▶ [REQUIREMENT]: I would like every line of the records below that contains the word "conditions" copied.

(Dataset entries)
__________

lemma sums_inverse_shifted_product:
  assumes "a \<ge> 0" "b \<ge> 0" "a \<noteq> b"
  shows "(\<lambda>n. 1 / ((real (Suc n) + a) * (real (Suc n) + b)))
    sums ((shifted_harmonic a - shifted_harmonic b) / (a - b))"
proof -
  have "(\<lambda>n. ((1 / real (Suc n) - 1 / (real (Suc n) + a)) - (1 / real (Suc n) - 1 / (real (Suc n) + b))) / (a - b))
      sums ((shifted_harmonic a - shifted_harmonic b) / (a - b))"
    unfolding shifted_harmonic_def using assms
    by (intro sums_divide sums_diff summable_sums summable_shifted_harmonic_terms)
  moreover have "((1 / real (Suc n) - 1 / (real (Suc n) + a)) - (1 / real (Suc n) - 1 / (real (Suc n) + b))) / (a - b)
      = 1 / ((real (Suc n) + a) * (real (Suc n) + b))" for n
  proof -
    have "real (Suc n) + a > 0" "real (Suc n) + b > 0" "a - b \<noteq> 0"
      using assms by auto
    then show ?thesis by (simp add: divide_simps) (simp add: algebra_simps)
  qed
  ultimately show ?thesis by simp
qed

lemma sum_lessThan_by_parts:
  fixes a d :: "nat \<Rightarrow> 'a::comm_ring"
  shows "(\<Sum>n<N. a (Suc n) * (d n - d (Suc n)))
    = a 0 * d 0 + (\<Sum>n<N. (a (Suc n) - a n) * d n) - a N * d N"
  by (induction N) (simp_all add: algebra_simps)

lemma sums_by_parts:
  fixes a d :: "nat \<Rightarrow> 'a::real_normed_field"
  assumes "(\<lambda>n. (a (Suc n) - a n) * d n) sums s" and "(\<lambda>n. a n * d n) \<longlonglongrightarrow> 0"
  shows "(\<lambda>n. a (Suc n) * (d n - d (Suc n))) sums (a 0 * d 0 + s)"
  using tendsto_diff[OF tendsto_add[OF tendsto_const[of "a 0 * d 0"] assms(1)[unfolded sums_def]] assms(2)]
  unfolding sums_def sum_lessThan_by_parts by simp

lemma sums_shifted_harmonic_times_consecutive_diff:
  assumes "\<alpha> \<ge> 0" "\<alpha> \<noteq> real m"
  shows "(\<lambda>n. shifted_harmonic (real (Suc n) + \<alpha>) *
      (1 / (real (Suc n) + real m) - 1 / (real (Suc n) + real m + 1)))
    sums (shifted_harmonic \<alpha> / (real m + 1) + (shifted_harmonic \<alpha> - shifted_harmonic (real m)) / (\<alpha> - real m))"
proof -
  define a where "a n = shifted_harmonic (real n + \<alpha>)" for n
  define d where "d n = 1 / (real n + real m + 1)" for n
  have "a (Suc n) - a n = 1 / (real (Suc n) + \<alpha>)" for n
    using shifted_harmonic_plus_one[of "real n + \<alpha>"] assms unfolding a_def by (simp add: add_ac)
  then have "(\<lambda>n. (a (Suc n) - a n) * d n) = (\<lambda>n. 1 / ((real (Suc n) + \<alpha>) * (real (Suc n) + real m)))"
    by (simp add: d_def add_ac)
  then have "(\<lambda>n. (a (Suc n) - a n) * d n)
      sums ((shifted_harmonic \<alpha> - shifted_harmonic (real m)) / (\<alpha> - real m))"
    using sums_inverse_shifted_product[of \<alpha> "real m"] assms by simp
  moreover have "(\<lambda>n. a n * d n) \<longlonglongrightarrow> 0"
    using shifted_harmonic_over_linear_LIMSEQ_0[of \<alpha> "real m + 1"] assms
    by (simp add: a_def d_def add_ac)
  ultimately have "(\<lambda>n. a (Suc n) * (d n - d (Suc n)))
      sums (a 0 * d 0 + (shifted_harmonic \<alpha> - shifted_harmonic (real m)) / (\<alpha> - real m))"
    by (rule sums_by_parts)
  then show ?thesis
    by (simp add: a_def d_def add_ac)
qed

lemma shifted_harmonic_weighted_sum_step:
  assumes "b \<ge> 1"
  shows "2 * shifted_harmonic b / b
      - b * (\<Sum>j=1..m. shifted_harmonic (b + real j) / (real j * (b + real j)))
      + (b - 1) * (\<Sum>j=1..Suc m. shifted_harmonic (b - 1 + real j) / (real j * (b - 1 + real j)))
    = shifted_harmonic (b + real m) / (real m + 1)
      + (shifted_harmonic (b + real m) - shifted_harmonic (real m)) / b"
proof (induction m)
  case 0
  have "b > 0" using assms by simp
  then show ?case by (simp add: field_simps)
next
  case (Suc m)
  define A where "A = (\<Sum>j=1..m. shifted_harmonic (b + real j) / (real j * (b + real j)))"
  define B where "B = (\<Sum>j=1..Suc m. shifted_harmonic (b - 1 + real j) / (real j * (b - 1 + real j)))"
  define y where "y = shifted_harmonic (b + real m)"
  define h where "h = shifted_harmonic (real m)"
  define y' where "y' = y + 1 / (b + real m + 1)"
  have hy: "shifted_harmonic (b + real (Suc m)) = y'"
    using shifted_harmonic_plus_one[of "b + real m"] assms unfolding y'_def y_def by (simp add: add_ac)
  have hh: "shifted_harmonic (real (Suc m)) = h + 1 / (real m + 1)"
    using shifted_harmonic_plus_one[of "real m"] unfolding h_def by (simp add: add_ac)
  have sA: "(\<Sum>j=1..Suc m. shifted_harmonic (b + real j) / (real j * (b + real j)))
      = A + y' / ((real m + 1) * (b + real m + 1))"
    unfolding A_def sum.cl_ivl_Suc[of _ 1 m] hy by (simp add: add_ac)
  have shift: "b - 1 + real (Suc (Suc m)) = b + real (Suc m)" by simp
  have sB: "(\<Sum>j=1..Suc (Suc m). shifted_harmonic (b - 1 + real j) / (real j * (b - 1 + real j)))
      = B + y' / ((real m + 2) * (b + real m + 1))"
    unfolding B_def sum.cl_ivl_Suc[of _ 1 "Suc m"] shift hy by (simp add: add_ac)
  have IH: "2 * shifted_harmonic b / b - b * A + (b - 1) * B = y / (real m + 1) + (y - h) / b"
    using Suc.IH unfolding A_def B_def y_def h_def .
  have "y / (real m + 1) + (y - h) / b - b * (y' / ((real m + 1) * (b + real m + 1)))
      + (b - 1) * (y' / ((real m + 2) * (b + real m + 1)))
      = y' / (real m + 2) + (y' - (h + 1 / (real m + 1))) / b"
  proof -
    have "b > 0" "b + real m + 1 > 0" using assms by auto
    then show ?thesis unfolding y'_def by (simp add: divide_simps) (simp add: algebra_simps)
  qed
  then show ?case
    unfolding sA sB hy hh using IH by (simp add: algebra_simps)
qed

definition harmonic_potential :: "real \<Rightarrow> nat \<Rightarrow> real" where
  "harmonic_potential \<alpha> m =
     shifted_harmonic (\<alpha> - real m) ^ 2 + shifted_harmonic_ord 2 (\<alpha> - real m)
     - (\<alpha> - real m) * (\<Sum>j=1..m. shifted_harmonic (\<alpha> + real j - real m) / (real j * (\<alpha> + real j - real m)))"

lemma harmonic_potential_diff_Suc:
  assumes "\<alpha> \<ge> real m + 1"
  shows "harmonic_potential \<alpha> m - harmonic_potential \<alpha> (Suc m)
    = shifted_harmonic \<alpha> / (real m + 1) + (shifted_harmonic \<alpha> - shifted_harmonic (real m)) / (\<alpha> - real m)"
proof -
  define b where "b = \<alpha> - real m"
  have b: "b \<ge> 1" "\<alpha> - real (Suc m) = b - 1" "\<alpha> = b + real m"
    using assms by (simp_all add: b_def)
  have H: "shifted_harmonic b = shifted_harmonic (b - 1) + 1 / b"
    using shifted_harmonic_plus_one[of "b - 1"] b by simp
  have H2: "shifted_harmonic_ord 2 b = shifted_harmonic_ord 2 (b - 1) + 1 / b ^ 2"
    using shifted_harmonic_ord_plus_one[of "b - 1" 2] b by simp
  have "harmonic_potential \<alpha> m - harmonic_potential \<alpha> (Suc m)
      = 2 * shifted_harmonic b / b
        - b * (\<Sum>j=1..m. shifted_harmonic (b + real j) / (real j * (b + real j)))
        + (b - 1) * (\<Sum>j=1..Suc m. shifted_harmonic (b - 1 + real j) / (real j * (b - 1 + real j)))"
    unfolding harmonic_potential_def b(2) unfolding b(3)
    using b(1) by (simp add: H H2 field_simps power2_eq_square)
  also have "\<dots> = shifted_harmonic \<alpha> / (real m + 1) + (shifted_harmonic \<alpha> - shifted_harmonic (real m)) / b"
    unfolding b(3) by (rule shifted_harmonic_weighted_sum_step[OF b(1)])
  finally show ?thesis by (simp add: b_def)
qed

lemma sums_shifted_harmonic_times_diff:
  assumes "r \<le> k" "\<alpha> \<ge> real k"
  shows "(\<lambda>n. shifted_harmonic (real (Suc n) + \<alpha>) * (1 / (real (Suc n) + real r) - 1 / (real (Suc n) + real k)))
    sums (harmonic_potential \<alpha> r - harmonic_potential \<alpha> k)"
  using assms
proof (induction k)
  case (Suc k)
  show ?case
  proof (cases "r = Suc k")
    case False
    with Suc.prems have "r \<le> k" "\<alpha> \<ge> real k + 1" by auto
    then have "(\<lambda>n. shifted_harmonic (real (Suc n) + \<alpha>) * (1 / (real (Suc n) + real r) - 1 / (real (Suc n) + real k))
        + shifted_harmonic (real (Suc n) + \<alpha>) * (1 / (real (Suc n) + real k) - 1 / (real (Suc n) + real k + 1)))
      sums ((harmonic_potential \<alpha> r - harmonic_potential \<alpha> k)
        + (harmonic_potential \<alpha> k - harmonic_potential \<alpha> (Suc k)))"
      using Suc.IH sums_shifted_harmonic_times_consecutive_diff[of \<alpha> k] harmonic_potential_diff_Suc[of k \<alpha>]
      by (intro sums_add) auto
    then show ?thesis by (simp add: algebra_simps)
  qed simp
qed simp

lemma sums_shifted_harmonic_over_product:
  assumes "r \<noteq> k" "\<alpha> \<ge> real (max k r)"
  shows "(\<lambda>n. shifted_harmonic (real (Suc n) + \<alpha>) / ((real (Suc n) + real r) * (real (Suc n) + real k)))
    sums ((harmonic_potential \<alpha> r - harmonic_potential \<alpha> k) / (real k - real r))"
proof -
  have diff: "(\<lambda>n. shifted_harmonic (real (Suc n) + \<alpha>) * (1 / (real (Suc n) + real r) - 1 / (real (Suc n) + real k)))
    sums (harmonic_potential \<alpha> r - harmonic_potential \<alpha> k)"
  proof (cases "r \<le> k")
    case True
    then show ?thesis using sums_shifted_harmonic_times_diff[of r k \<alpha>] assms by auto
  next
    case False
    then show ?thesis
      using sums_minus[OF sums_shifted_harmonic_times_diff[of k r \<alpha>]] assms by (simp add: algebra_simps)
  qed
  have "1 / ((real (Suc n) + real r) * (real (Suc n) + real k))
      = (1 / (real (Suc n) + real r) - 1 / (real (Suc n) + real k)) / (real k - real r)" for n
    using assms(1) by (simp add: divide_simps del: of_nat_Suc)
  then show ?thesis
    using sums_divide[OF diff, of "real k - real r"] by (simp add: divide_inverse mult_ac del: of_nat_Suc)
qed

__________

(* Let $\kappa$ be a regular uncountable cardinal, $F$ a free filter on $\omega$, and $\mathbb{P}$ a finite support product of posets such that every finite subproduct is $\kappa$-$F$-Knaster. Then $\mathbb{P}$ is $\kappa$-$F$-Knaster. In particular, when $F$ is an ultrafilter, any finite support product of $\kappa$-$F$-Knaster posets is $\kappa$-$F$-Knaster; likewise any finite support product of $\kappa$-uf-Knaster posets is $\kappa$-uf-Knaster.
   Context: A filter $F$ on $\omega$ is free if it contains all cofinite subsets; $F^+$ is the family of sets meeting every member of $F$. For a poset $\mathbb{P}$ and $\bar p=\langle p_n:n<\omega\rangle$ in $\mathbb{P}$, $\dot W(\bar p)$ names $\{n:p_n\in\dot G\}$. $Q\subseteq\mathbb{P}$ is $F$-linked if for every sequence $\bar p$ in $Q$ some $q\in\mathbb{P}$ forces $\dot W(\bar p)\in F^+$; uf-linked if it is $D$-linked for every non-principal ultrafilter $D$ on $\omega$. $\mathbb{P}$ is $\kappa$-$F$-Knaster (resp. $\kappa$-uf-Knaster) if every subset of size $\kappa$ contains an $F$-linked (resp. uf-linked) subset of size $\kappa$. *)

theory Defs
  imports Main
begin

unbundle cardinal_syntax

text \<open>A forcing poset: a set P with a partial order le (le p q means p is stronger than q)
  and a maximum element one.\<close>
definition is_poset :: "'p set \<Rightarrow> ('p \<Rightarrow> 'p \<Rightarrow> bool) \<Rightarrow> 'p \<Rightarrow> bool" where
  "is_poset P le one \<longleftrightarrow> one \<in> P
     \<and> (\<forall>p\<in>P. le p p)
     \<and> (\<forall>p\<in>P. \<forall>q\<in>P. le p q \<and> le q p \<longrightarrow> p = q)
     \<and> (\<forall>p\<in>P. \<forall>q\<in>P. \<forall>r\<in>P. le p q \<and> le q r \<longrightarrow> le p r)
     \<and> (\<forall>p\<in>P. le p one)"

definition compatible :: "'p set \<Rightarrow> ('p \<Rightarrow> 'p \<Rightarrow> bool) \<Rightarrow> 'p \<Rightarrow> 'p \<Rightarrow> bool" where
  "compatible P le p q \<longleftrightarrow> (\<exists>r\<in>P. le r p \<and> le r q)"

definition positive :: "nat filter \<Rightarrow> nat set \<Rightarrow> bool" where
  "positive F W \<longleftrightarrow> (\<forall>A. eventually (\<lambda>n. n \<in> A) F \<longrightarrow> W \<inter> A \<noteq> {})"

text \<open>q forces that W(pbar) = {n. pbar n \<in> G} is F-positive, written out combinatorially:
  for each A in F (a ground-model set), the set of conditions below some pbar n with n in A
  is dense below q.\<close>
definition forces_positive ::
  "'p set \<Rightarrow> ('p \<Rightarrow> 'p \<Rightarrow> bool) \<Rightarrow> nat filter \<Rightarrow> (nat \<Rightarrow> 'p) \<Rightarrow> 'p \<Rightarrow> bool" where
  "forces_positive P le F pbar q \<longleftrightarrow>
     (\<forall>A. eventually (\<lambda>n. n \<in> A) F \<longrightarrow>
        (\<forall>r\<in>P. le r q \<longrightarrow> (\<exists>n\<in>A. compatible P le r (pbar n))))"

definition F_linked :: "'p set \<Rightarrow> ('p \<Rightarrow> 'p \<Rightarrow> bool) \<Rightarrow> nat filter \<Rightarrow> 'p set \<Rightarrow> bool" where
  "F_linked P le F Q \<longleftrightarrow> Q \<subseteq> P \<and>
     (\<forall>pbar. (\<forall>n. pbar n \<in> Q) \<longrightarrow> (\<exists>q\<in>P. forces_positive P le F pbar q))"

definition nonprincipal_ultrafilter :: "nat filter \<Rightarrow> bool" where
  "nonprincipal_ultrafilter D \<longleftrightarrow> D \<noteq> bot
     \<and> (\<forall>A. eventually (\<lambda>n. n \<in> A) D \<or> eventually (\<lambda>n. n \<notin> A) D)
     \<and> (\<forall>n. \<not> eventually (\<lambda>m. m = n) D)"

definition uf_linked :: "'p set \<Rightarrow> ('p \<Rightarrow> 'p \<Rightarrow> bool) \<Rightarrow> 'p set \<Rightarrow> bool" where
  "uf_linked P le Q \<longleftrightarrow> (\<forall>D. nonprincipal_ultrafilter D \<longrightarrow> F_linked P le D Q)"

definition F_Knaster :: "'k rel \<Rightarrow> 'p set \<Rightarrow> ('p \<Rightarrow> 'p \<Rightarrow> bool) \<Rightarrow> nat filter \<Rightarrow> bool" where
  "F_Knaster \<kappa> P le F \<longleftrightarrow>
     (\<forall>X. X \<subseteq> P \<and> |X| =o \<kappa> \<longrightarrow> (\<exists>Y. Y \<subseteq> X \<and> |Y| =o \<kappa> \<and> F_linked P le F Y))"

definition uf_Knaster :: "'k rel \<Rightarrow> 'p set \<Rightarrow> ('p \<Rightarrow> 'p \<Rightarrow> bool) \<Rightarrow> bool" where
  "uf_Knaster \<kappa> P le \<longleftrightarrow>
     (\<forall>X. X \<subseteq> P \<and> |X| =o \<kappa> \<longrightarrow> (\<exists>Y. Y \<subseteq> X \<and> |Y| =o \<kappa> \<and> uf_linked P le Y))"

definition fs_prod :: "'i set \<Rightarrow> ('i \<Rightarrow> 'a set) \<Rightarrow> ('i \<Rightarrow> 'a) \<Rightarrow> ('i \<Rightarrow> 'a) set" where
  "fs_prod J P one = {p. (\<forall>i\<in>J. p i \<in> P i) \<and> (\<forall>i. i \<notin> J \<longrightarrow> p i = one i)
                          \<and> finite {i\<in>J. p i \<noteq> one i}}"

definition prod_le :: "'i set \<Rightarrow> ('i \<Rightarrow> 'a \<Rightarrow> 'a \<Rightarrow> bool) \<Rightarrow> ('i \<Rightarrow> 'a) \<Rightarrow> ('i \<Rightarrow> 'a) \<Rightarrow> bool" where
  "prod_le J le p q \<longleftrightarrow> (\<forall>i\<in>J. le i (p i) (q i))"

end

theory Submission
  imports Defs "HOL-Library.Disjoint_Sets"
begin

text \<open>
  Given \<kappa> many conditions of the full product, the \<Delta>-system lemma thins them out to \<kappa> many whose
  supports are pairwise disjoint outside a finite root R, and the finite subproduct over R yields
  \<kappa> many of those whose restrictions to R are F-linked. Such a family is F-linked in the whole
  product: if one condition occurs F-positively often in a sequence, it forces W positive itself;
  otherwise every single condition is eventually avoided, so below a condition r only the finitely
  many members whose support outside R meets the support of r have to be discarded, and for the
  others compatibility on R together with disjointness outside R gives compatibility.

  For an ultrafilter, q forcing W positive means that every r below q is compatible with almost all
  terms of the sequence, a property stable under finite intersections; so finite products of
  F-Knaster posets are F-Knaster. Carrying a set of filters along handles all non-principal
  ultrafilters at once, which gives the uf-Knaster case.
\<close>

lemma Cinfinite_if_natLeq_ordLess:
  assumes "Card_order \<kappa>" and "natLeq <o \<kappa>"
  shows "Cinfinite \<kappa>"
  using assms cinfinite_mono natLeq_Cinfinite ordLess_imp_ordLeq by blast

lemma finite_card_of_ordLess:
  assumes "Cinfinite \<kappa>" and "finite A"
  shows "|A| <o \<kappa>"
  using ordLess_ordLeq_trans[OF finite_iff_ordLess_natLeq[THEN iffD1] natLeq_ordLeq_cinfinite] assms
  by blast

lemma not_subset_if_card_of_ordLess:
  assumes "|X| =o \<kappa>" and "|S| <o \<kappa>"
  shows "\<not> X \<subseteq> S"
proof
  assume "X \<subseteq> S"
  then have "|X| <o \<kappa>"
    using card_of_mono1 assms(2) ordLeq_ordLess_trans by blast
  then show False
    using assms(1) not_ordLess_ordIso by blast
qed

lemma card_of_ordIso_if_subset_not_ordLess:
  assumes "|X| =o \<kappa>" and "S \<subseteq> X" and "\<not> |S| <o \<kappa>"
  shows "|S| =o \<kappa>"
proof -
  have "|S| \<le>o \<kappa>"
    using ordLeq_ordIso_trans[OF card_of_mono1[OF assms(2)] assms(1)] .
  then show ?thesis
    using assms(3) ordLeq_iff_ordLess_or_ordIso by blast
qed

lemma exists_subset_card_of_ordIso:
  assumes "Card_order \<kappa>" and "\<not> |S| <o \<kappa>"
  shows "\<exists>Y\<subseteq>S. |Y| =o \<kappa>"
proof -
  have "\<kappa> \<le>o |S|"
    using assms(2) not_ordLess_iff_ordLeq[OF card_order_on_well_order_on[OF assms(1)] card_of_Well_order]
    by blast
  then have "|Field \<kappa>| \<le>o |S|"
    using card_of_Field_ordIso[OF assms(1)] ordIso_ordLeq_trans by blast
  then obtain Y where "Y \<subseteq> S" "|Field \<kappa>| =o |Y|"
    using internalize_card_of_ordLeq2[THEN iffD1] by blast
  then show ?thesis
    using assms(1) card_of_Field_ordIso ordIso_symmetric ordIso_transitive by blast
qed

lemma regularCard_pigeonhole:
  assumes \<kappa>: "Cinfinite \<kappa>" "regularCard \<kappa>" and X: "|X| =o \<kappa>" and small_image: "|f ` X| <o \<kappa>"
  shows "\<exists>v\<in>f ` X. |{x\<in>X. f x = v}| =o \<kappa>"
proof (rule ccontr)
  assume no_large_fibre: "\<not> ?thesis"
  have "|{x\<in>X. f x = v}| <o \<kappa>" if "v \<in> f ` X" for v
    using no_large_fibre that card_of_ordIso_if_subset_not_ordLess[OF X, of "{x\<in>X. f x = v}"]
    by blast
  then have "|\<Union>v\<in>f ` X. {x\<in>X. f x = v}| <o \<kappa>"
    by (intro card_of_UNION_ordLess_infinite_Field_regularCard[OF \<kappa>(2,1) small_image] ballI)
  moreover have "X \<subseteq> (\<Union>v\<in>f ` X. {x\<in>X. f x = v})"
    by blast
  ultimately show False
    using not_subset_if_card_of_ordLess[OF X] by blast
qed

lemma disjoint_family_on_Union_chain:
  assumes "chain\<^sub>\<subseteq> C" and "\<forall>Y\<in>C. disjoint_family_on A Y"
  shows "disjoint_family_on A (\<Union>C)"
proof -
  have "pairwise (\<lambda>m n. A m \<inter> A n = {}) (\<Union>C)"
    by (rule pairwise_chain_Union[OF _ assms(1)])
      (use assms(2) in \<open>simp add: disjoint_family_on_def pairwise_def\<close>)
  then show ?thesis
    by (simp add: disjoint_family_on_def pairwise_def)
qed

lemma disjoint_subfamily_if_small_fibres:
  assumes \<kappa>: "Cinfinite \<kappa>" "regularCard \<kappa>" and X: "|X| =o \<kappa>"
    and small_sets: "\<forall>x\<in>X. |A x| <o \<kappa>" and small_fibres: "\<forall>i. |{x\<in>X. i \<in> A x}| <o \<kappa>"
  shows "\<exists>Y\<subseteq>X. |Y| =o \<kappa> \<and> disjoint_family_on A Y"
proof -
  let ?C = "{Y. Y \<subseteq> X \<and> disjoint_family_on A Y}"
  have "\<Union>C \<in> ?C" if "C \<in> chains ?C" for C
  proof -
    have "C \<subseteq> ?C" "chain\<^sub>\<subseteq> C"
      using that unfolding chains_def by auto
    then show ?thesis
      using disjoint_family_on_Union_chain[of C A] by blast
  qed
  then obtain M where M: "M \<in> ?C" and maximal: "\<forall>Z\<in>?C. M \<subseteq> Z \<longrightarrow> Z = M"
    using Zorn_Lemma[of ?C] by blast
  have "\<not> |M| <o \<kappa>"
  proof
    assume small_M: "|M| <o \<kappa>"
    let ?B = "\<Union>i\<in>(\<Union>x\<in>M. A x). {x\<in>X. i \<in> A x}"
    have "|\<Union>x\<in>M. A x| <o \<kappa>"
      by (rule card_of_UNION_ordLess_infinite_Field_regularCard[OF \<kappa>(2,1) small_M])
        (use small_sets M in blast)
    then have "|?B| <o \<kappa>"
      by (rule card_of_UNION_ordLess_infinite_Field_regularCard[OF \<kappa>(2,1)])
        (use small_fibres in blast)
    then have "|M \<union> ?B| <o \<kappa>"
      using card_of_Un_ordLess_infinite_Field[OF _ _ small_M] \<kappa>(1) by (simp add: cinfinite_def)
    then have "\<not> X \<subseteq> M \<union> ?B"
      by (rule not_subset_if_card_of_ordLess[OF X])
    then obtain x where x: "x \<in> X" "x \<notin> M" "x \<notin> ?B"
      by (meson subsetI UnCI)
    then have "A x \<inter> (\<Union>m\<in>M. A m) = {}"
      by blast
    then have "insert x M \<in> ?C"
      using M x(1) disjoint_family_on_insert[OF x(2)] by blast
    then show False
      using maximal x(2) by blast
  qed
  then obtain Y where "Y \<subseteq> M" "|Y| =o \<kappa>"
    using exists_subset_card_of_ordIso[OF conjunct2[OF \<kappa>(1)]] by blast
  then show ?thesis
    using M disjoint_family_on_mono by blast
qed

__________

▶ [ANSWER]:
  for each A in F (a ground-model set), the set of conditions below some pbar n with n in A
  Given \<kappa> many conditions of the full product, the \<Delta>-system lemma thins them out to \<kappa> many whose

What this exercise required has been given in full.